Save huge amount of Strings in file during program execution in Java - java

In my program the main logic is to construct Strings in different methods and then to save them in a specific order in a file. But my memory consumption is very high, so I wonder how to save less strings in memory. So I will try to simplify the program for the ease of reading here. My small String Generating methods do like:
Then my main logic is something like:
BufferedWriter bw = new BufferedWriter(fw);
for(int i=1;i<1_000_000_000;i++){
bw.write(processMethod(i));
}
bw.close();
where the processMethod is a method that calls methods like generateTag m times, makes String using StringBuilder and then saves to BufferedWriter .
public static String generateTag(final String tagName, final String name, final String value) {
StringBuilder attribute = new StringBuilder();
attribute.append("<tag:");
attribute.append(tagName);
attribute.append(" name=\"");
attribute.append(name);
attribute.append("\">");
attribute.append(value);
attribute.append("</tag:");
attribute.append(tagName);
attribute.append(">");
return attribute.toString();
}
So when I start the processMethod executes 1_000_000_000 times and then m times is called generateTag like methods. I have 1_000_000_000 * m strings in the memory. How can I easily remove their creation? I think something like:
public static String generateTag(final String tagName, final String name, final String value, final BufferedWriter bf) {
....
bf.write(someBuilder.toString());
..
}
But passing BufferedWriter around is not a good I think.
Can you suggest me some less String created description.

If indeed your program merely calls methods one after the other and those methods generate strings and those strings are written to the file in the order they are generated, then it's simpler to write directly to the file using the main BufferedWriter:
try (BufferedWriter bw = new BufferedWriter(fw);) {
for(int i=1;i<1_000_000_000;i++){
processMethod(i, bw);
}
}
(Note that I used try-with-resources to automatically close the buffered writer).
And then when processMethod calls generateTag, it passes the buffered writer to it:
public void processMethod(int i, BufferedWriter bw) {
...
generateTag(...,bw);
...
}
And generateTag is going to be:
public static void generateTag(final String tagName, final String name, final String value, final BufferedWriter bw) {
bw.write("<tag:");
bw.write(tagName);
bw.write(" name=\"");
bw.write(name);
bw.write("\">");
bw.write(value);
bw.write("</tag:");
bw.write(tagName);
bw.write(">");
}
Since BufferedWriter is buffered, it means that there is disk access not every time you call write, but every time the buffer is filled up. So this won't cost you in disk access speed.

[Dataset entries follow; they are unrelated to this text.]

(* There exists a universal constant $C<\infty$ such that the following holds. Let $G=(V,E)$ be an infinite, connected, locally finite graph (multiple edges allowed, no self-loops), let $v\in V$ have degree $d_v$, and let $(X_t)$ be simple random walk on $G$ with $X_0=v$. Then for every integer $t\geq 1$, $$\mathbb{P}_v(\tau_v = t \mid \tau_v\geq t) \leq \frac{C\log(d_v t)}{t}.$$
   Context: For a vertex $u$, $\tau_u=\min\{t\geq 1: X_t=u\}$; when $X_0=v$, $\tau_v$ is the return time to $v$. $\mathbb{P}_v$ denotes the law of simple random walk started at $v$. *)

theory Defs
  imports Complex_Main
begin

text \<open>A multigraph on vertex set nat is given by an edge-multiplicity function
  m u w = number of edges between u and w.\<close>

definition multigraph_ok :: "(nat \<Rightarrow> nat \<Rightarrow> nat) \<Rightarrow> bool" where
  "multigraph_ok m \<longleftrightarrow>
     (\<forall>u w. m u w = m w u) \<and>
     (\<forall>u. m u u = 0) \<and>
     (\<forall>u. finite {w. 0 < m u w}) \<and>
     (\<forall>u w. (u, w) \<in> {(a, b). 0 < m a b}\<^sup>*)"

definition deg :: "(nat \<Rightarrow> nat \<Rightarrow> nat) \<Rightarrow> nat \<Rightarrow> nat" where
  "deg m u = (\<Sum>w\<in>{w. 0 < m u w}. m u w)"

But it will save you all that memory.
Of course, if you don't write the results serially, or the result of one method depends on the result of the other, then you need to modify this, but still, you should write as soon as you have the next piece of String ready.

One thing you may consider is to not saving them in memory, and instead write them as soon as possible...
many XML api like jdom, dom and dom4j abet the harmful habits of building tree model in memory, whereas in reality, it is far more efficient to dump the byte out into output buffer asap...
You could rewrite your method to include an output stream variable and flush out all the bytes out with the output stream.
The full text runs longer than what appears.